Review of paper 'Small Language Models are the Future of Agentic AI'

In the paper Small Language Models are the Future of Agentic AI, the authors tried to encourage the use of SLM ( small language model ) in developing agentic AI applications. According to the paper, an SLM is any LLM having less than 10BN parameters. The paper tries to establish a viable position on why SLMs are more suited for agentic AI compared to the established trend of using LLM.

Agentic AI is defined as a collection of autonomous AI agent working together to solve complex tasks which have been decomposed into smaller subtasks and communicate with one another using protocols such as A2A to collaborate.

The authors formulated three core value statements on why SLM are better for agentic applications:

Value statement 1 - SLMs are sufficiently powerful enough to handle language modeling errands of agentic applications.
Value statement 2 - SLMs are operationally suitable for use in agentic systems than LLMs
Value statement 3 - SLMs are more economical to use in agentic systems due to their smaller size

For value statement 1, the authors note that majority of agentic subtasks are repetitive, scoped and non-conversational which means the full capability of an LLM are unused. In addition, the authors point out that recent studies in scaling model size and capabilities indicate that the newer SLM are closer to those of previous LLMs. This means that a well-designed SLM can meet or exceed the same task performance of LLMs.

We can also enhance the reasoning capabilities of SLMs at inference time using techniques such as prompting; agentic augmenation techniques and modern training approaches.

To provide a concrete comparison of capabilties which include reasoning, tool calling, code generation and instruction calling between an LLM and SLM, the authors considered a list of models where there exist both an LLM and an SLM variant with less parameters e.g. DeepSeek-R1-Distill series of models have 1.5b - 8BN parameters and trained on samples generated by DeepSeek-R1. The studies indicate that the SLM with less parameters outperform some of the older LLM models.

For value statement 2, the authors state that SLM are more afforable and practicaal to train and adapt as specialized models for different agentic routines. This means that we can fine-tune SLMs faster than LLMs, enabling rapid iteration and adaption. It also means that it will encourage more collaboration between individuals and organizations, which could lead to reduce risk of systematic biases. Agentic interactions such as tool calling requires strict inputs and format. An LLM could result in hallucations compared to SLM which is trained with the required formats via post-training or fine-tuning. Since SLMs have less parameters, it’s also cheaper to train.

The authors observed that an AI agent consists of carefuly crafted prompts and context management scoped to work in a small section of an LLM skillset which means that an LLM is under utilised. A single SLM fine-tuned with the selected prompts would suffice.

In addition, agentic systems are by their nature heterogeneous. For example, an LLM can itself be a tool called by another LLM. Using different LLMs of different sizes and capabilities allows for the use of SLMs.
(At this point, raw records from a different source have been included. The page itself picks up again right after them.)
text \<open>With \<open>t = m (q - p) / \<sigma>\<close> and \<open>\<sigma>\<^sup>2 = m p (1 - p)\<close>, the lower bound of
  \<open>binomial_pos_excess_ge\<close> is at least \<open>t / 6 - 2 t\<^sup>2\<close>, which is \<open>\<ge> t / 12\<close> for \<open>t \<le> 1/24\<close>.\<close>
lemma binomial_pos_excess_small_shift:
  assumes p: "0 < p" "p < 1" and V: "real m * p * (1 - p) \<ge> 1" and "p < q"
    and small: "real m * (q - p) \<le> sqrt (real m * p * (1 - p)) / 24"
  shows "real m * (q - p) / sqrt (real m * p * (1 - p)) / 12
    \<le> (\<Sum>k\<le>m. max (binomial_weight m q k - binomial_weight m p k) 0)"
proof -
  define V where "V = real m * p * (1 - p)"
  define \<sigma> where "\<sigma> = sqrt V"
  define d where "d = q - p"
  define t where "t = real m * d / \<sigma>"
  have "\<sigma> > 0" "\<sigma> * \<sigma> = V" using V by (simp_all add: V_def \<sigma>_def)
  have "real m > 0" using V by (cases "m = 0") (simp_all add: V_def)
  have pq: "p * (1 - p) = \<sigma> * \<sigma> / real m"
    using \<open>\<sigma> * \<sigma> = V\<close> \<open>real m > 0\<close> by (simp add: V_def)
  have "d > 0" "real m * d \<le> \<sigma> / 24" using \<open>p < q\<close> small by (simp_all add: d_def V_def \<sigma>_def)
  have "d \<le> p / 24" "d \<le> (1 - p) / 24"
    using small_shift_le_param[OF p V, of d] small by (simp_all add: d_def)
  then have "q < 1" "q \<le> 3/2 * p" "(1 - p) / 2 \<le> 1 - q" using p by (simp_all add: d_def)
  have slope: "(2/3) * d / (p * (1 - p)) \<le> logit q - logit p"
    using logit_diff_ge_near[of p q] p \<open>p < q\<close> \<open>q < 1\<close> \<open>q \<le> 3/2 * p\<close> by (simp add: d_def)
  have "0 < (2/3) * d / (p * (1 - p))" using p \<open>d > 0\<close> by simp
  have "t / 6 \<le> (logit q - logit p) * binomial_expect m p (\<lambda>k. \<bar>binomial_dev m p k\<bar>) / 2"
  proof -
    have "t / 6 = (2/3) * d / (p * (1 - p)) * (\<sigma> / 2) / 2"
      unfolding pq t_def using \<open>\<sigma> > 0\<close> \<open>real m > 0\<close> by (simp add: field_simps)
    also have "\<dots> \<le> (logit q - logit p) * binomial_expect m p (\<lambda>k. \<bar>binomial_dev m p k\<bar>) / 2"
      using slope \<open>0 < (2/3) * d / (p * (1 - p))\<close> binomial_expect_abs_dev_ge[of p m] p V \<open>\<sigma> > 0\<close>
      by (intro divide_right_mono mult_mono) (auto simp: \<sigma>_def V_def)
    finally show ?thesis .
  qed
  moreover have "real m * kl_bernoulli p q \<le> 2 * t\<^sup>2"
  proof -
    have "real m * kl_bernoulli p q \<le> real m * (2 * d\<^sup>2 / (p * (1 - p)))"
      using kl_bernoulli_le_near[of p q] p \<open>p < q\<close> \<open>(1 - p) / 2 \<le> 1 - q\<close>
      by (intro mult_left_mono) (auto simp: d_def)
    also have "\<dots> = 2 * t\<^sup>2"
      unfolding pq t_def using \<open>\<sigma> > 0\<close> \<open>real m > 0\<close> by (simp add: field_simps power2_eq_square)
    finally show ?thesis .
  qed
  moreover have "2 * t\<^sup>2 \<le> t / 12"
  proof -
    have "0 \<le> t" "t \<le> 1/24"
      using \<open>d > 0\<close> \<open>\<sigma> > 0\<close> \<open>real m * d \<le> \<sigma> / 24\<close> by (simp_all add: t_def field_simps)
    then show ?thesis using mult_left_mono[of t "1/24" t] by (simp add: power2_eq_square)
  qed
  ultimately have "t / 12 \<le> (\<Sum>k\<le>m. max (binomial_weight m q k - binomial_weight m p k) 0)"
    using binomial_pos_excess_ge[of p q m] p \<open>p < q\<close> \<open>q < 1\<close> by linarith
  then show ?thesis by (simp add: t_def d_def \<sigma>_def V_def)
qed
For value statement 3, the authors point out that serving a single SLM can be 10-30x cheaper since SLMs require less or no GPU usage hence lowering cost of inference infrastructure. Training techniques such as LoRa, DoRA for SLM require only a few GPU hours, compared to days / weeks of training time for retraining an LLM with new behaviours. By adopting modularity in agentic applications, we can add new skills and abilities to adapt to changing requirements. This modular approach supports scaling out by adding small specialized experts rather than scaling up LLM, which yield systems that are cheaper and faster to debug and deploy.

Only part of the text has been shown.